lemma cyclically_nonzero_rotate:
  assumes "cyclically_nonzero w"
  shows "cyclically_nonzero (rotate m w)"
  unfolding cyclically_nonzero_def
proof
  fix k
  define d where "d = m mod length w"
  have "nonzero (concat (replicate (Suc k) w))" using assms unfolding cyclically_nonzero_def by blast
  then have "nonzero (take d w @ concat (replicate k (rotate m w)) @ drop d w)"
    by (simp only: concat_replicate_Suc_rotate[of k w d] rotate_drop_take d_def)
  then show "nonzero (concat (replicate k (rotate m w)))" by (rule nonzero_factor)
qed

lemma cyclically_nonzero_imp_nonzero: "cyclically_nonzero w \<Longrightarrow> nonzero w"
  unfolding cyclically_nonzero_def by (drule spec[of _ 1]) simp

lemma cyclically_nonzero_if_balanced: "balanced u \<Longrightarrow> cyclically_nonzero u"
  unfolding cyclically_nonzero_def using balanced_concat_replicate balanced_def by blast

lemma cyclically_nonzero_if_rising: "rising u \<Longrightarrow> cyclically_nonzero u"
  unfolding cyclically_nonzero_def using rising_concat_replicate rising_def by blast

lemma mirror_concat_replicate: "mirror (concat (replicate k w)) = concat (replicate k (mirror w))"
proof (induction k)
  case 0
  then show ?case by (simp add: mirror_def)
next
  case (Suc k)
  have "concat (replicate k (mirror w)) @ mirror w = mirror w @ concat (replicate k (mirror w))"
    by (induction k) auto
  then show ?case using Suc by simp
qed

****

* **TASK DIRECTIONS**
The answer should contain only the lines from the first line of the entries through the line holding "define d where", each exactly as written.

* **ANSWER FOR THE TASK**
lemma cyclically_nonzero_rotate:
  assumes "cyclically_nonzero w"
  shows "cyclically_nonzero (rotate m w)"
  unfolding cyclically_nonzero_def
proof
  fix k
  define d where "d = m mod length w"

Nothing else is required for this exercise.